> _What you should do_:
Search the entries for lines that contain the word "False", and report each one found.

*** Opening Supplied data ***

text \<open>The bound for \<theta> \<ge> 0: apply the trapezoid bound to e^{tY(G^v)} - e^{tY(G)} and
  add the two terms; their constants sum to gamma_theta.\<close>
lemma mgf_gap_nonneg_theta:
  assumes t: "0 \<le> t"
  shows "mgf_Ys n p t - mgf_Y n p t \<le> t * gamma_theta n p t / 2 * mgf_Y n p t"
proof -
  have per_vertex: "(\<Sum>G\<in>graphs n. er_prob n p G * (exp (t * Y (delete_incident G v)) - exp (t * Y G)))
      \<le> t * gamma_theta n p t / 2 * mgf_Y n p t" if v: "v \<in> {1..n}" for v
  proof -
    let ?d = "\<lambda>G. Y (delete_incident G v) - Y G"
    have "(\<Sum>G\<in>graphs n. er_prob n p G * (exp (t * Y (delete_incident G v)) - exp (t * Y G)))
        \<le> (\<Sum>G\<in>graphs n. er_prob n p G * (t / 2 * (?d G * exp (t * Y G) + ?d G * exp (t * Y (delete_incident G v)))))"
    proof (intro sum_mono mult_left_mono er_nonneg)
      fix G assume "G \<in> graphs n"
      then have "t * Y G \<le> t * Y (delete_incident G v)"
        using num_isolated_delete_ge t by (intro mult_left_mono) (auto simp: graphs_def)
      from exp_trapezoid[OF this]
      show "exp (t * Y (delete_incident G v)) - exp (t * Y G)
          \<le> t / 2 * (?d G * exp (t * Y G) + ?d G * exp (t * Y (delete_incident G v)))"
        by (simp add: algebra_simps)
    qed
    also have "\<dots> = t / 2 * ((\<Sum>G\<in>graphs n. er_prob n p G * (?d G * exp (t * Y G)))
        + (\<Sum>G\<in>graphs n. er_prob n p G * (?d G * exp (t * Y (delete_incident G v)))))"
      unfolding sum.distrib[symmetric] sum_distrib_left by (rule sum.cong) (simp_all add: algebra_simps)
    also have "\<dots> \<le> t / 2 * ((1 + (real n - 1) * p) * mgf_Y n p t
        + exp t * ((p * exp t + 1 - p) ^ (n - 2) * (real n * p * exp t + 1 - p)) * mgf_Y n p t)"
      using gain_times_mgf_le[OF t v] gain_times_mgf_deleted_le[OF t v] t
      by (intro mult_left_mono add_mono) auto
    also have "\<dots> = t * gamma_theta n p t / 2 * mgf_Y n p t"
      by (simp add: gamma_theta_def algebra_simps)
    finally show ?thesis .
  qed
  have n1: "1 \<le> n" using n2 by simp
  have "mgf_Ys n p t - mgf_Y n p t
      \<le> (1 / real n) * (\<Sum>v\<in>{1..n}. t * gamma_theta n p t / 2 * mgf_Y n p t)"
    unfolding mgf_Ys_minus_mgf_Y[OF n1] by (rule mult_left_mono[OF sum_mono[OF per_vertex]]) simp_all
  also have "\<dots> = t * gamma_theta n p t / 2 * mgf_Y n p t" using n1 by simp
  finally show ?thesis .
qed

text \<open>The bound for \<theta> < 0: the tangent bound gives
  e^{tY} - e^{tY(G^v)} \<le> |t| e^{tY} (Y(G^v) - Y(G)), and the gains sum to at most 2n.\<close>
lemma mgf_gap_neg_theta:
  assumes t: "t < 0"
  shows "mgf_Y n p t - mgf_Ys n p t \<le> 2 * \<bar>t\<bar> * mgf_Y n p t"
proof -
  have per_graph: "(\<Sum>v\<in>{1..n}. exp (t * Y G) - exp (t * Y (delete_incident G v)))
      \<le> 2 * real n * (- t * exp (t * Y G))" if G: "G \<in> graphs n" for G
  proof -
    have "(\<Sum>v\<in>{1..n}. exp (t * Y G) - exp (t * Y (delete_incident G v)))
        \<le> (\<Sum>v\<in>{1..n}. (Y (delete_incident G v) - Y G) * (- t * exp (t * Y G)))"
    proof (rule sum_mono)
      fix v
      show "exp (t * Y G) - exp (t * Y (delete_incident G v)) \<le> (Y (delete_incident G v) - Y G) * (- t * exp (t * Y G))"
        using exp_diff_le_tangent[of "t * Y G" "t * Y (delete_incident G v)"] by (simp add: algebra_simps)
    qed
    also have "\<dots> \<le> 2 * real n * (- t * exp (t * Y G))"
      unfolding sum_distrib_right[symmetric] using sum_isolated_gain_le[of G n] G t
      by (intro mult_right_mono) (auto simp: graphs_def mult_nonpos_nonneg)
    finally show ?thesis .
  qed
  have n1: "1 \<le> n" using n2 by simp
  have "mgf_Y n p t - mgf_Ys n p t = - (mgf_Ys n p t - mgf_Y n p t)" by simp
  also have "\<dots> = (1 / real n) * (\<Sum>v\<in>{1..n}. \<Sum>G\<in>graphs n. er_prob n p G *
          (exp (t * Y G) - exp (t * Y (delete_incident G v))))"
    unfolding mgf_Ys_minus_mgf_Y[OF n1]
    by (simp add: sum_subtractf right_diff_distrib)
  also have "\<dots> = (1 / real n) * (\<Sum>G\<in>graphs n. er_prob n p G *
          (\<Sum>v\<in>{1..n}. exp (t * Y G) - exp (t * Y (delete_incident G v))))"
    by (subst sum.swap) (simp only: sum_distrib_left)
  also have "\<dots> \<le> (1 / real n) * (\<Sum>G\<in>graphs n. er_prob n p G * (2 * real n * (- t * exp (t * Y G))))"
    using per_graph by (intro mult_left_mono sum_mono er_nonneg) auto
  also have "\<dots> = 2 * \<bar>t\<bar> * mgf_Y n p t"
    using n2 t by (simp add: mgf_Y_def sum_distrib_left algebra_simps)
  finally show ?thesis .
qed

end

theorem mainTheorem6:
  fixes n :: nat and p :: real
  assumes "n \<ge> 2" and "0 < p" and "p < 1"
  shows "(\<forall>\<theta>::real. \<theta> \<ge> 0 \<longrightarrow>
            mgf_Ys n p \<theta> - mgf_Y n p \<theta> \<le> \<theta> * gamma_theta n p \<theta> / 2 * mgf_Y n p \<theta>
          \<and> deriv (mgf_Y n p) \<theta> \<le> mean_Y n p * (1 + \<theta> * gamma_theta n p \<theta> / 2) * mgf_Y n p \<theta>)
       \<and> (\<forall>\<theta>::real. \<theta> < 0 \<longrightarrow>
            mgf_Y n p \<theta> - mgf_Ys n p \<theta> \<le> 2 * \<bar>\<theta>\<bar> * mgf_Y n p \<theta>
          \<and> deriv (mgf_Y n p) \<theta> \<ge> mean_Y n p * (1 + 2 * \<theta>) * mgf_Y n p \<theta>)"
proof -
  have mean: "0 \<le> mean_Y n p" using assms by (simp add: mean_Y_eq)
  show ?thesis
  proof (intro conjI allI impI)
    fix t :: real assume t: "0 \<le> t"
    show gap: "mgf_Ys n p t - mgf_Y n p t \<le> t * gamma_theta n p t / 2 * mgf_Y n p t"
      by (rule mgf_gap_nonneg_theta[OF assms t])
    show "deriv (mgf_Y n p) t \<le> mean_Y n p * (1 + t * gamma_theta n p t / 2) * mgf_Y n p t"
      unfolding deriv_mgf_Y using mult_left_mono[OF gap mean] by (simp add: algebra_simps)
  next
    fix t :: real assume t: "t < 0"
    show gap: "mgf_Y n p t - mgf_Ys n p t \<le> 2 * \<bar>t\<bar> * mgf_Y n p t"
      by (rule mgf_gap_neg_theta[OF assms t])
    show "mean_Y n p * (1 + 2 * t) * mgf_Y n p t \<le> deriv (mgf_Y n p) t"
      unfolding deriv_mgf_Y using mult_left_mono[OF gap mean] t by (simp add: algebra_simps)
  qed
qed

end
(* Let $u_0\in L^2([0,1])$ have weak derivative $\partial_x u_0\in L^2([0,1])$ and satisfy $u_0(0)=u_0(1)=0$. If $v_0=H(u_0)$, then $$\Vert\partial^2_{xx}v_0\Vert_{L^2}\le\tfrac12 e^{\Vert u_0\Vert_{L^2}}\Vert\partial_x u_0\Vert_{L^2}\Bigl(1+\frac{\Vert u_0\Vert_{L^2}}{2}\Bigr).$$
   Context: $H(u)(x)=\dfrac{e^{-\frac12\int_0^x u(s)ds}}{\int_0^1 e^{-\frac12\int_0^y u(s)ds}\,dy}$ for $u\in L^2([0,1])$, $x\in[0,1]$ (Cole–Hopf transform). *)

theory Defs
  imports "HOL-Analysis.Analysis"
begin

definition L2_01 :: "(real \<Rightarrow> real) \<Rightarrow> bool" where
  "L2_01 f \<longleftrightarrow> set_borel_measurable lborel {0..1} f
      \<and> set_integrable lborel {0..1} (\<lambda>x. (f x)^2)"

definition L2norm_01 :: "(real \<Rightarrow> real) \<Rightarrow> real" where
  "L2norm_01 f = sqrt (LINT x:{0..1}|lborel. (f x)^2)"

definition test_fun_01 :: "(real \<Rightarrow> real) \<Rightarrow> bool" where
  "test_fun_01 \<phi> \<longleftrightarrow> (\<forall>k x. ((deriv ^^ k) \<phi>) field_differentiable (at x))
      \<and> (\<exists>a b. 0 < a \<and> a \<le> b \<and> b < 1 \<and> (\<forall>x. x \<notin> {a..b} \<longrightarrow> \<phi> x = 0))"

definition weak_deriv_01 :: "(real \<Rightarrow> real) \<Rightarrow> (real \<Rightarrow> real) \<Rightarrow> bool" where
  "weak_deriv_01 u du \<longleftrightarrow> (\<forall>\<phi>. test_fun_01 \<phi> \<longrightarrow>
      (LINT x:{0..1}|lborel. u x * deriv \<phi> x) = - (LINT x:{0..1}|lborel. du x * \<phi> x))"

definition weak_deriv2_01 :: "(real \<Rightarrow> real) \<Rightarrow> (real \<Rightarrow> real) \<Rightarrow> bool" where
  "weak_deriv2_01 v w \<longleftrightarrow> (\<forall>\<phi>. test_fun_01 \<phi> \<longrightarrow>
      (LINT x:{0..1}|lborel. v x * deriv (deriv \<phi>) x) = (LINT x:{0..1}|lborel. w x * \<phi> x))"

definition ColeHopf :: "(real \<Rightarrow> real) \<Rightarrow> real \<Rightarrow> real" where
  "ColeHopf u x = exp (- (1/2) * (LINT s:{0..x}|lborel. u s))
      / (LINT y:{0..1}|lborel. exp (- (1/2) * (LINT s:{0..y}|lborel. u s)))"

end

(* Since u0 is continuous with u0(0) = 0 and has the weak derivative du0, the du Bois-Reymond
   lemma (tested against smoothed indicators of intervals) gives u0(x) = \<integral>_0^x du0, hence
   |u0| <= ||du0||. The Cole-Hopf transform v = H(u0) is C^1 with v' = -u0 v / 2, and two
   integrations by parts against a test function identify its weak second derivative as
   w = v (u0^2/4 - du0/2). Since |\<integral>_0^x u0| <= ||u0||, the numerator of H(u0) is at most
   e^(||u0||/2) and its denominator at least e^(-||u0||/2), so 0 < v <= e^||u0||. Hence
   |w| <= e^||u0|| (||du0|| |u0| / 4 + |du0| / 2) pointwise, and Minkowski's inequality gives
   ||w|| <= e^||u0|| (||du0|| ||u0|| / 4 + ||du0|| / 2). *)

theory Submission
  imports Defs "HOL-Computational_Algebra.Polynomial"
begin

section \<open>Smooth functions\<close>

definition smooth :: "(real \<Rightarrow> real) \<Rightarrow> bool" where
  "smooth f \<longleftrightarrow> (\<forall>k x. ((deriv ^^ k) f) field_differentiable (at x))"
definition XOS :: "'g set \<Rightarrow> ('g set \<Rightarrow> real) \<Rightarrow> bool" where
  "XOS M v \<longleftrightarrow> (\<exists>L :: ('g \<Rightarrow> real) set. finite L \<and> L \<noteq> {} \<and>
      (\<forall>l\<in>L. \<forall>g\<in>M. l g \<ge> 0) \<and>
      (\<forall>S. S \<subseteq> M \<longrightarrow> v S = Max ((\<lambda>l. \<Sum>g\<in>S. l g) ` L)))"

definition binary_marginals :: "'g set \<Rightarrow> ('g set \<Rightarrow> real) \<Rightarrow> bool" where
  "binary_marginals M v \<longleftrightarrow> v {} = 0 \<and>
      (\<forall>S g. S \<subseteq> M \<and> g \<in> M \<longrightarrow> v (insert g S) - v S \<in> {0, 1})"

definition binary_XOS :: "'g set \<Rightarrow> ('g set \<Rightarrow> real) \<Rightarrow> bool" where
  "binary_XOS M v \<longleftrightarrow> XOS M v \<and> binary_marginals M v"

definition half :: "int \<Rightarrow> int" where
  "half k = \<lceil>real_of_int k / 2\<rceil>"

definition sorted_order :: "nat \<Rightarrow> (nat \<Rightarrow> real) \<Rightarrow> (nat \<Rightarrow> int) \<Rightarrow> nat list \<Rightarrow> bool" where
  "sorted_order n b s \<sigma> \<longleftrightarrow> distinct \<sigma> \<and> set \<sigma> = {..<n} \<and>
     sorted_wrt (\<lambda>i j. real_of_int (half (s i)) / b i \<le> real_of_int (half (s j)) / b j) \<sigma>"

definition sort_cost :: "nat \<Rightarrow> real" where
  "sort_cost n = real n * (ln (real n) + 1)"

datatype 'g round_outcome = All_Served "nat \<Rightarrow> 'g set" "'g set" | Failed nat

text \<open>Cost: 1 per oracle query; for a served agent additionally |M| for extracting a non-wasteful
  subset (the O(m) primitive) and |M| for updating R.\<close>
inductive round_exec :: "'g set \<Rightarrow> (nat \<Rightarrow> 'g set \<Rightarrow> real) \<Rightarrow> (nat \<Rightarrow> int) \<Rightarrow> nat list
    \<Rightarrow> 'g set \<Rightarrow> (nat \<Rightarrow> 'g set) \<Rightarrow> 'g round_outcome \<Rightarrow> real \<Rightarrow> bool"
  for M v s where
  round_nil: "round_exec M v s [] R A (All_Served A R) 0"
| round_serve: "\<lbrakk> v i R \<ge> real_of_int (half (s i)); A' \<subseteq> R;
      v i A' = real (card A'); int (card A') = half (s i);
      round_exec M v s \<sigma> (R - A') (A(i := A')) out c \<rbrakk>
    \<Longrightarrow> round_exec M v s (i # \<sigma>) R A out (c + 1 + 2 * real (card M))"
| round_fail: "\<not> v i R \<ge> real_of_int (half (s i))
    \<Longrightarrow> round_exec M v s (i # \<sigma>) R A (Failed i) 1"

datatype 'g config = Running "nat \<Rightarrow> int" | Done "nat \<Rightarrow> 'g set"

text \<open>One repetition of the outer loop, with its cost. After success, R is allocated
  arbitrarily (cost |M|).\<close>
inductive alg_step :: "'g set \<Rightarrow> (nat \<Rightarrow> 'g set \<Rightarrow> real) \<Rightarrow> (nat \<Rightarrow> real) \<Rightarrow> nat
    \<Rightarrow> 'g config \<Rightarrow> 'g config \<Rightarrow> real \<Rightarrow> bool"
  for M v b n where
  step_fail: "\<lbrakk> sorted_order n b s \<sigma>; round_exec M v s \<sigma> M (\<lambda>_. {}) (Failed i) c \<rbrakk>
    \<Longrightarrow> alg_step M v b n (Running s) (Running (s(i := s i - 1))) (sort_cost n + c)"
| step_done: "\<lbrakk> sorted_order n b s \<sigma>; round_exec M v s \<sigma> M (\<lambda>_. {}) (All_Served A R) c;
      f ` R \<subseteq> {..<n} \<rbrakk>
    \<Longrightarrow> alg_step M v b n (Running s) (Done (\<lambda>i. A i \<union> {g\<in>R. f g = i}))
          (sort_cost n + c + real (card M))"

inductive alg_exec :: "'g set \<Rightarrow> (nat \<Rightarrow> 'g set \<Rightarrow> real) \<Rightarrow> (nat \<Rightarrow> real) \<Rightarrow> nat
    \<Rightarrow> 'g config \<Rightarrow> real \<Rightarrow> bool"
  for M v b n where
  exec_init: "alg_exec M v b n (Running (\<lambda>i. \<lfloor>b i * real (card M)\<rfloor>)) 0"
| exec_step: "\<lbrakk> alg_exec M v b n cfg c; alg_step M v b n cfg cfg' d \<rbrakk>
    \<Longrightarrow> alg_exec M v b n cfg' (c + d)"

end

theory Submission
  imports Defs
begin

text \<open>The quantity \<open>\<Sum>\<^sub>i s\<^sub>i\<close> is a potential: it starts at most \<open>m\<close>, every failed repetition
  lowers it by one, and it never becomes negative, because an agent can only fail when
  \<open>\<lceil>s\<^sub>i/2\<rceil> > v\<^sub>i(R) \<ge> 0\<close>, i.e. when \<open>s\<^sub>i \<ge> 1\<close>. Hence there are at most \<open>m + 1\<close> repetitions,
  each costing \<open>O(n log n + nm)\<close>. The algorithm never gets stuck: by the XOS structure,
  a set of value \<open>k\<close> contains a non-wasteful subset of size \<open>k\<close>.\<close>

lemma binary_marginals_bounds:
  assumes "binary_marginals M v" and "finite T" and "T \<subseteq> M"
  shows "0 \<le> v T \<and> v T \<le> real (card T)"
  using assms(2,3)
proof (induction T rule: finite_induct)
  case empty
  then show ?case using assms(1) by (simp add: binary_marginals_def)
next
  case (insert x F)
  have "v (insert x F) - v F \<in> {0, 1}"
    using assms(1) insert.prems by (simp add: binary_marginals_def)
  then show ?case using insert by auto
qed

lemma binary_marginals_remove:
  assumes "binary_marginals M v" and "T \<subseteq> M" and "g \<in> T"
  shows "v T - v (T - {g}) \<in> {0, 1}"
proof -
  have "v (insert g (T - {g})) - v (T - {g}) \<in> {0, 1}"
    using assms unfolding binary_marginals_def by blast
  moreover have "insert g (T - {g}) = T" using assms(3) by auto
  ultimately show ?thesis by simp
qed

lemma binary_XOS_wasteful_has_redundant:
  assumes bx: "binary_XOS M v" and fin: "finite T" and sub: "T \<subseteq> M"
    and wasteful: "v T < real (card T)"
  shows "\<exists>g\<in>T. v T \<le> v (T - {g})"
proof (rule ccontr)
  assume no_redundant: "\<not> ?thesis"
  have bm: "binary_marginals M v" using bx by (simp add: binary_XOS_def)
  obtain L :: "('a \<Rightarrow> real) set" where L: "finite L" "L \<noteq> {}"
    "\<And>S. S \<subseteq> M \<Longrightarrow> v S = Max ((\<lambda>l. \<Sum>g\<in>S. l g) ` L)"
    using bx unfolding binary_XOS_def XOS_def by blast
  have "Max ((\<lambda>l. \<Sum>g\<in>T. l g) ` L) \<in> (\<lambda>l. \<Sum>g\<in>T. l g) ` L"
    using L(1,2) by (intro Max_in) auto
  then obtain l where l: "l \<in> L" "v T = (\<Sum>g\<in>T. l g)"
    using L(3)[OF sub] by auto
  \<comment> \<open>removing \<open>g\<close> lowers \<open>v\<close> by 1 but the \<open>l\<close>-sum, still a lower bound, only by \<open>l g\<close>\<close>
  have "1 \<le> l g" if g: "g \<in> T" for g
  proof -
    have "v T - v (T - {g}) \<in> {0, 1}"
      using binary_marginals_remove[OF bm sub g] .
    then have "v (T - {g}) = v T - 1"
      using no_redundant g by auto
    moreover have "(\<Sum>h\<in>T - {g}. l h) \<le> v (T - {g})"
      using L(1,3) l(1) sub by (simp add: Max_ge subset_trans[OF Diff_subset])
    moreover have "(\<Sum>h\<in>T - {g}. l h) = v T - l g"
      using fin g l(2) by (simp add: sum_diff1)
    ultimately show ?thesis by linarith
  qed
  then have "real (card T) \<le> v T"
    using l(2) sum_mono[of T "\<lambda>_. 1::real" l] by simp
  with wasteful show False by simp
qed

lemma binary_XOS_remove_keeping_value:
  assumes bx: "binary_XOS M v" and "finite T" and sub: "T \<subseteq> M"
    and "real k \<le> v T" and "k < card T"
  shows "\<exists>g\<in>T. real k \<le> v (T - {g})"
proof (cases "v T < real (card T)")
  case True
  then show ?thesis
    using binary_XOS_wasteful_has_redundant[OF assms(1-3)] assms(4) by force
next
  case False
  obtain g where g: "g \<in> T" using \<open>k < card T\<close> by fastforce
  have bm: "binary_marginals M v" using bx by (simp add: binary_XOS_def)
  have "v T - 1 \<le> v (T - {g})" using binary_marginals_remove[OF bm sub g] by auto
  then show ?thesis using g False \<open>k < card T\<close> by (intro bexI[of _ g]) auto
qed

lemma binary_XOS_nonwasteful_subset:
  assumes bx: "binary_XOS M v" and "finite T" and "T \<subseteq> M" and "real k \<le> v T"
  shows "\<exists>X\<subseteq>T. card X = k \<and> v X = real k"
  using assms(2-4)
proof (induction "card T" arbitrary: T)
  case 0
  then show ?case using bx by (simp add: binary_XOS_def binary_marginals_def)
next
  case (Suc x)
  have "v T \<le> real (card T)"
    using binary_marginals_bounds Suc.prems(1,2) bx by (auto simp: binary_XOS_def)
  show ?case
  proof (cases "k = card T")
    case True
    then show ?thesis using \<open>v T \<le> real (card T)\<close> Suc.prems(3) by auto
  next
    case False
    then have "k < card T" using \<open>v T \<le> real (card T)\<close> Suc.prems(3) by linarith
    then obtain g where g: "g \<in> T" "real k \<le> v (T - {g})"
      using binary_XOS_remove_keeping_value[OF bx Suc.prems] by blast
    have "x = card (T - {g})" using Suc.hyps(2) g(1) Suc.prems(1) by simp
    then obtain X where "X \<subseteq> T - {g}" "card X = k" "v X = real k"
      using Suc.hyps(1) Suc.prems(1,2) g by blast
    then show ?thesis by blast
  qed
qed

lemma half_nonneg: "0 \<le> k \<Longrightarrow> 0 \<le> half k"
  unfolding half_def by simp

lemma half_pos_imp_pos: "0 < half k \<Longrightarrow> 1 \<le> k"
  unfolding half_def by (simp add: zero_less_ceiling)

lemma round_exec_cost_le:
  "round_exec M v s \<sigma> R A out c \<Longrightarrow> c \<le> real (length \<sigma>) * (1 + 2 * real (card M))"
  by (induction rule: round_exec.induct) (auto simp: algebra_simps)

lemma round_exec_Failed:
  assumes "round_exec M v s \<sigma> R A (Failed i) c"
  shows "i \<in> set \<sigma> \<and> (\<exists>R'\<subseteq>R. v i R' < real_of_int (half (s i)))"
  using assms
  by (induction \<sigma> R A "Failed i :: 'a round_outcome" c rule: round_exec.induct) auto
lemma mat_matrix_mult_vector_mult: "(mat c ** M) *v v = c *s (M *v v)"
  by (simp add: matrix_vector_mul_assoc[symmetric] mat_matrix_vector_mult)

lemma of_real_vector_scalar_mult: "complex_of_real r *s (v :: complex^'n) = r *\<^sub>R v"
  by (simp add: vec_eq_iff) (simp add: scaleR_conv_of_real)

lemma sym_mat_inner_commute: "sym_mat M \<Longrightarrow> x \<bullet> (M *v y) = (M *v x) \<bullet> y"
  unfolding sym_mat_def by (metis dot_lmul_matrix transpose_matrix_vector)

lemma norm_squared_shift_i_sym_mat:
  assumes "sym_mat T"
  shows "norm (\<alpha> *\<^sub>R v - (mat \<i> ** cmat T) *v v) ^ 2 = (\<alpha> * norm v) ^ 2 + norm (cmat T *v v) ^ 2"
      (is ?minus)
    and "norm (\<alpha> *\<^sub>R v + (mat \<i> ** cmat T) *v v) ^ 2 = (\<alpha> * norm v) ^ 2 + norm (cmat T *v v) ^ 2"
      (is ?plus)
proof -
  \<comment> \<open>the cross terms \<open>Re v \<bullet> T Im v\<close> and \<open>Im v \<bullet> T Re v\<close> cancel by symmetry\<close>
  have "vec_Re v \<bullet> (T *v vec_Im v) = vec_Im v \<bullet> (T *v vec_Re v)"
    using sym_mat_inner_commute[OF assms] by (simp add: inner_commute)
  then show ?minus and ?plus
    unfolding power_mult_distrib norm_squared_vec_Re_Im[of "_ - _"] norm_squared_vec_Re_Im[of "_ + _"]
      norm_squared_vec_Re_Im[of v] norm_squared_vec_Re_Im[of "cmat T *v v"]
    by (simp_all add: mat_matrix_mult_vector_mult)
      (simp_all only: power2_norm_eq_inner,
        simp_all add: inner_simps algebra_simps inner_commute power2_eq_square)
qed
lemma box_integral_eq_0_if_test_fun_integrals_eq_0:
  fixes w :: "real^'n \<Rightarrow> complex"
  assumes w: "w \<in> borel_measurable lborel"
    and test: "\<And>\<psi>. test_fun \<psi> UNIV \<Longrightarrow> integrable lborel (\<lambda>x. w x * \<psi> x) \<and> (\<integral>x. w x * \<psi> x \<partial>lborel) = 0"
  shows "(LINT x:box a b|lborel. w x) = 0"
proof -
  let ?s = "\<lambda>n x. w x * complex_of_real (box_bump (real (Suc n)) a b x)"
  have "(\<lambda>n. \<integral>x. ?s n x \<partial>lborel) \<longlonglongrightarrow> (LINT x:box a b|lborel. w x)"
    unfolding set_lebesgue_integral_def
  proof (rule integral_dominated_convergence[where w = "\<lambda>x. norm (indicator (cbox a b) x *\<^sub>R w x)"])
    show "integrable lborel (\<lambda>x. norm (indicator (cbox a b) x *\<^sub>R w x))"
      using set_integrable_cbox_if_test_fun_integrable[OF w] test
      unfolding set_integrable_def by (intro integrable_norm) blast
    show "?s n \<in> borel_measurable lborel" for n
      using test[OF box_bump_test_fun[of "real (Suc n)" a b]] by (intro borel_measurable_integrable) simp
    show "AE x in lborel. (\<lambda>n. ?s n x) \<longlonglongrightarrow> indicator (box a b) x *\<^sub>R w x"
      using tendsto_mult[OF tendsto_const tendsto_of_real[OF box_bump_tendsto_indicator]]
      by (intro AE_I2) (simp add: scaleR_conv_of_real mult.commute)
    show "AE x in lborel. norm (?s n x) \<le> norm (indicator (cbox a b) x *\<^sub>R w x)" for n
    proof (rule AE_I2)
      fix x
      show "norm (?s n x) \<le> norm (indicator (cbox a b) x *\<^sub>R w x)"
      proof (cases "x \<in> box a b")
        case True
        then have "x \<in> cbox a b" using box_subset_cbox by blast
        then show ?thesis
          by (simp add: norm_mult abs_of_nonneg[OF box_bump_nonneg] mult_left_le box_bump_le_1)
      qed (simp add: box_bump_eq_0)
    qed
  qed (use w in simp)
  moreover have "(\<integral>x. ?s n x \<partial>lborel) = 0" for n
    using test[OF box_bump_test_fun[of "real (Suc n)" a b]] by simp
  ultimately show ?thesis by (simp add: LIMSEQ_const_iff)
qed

*** Closing Supplied data ***

> _Response for this exercise_:
  with wasteful show False by simp
  case False
  then show ?thesis using g False \<open>k < card T\<close> by (intro bexI[of _ g]) auto
    case False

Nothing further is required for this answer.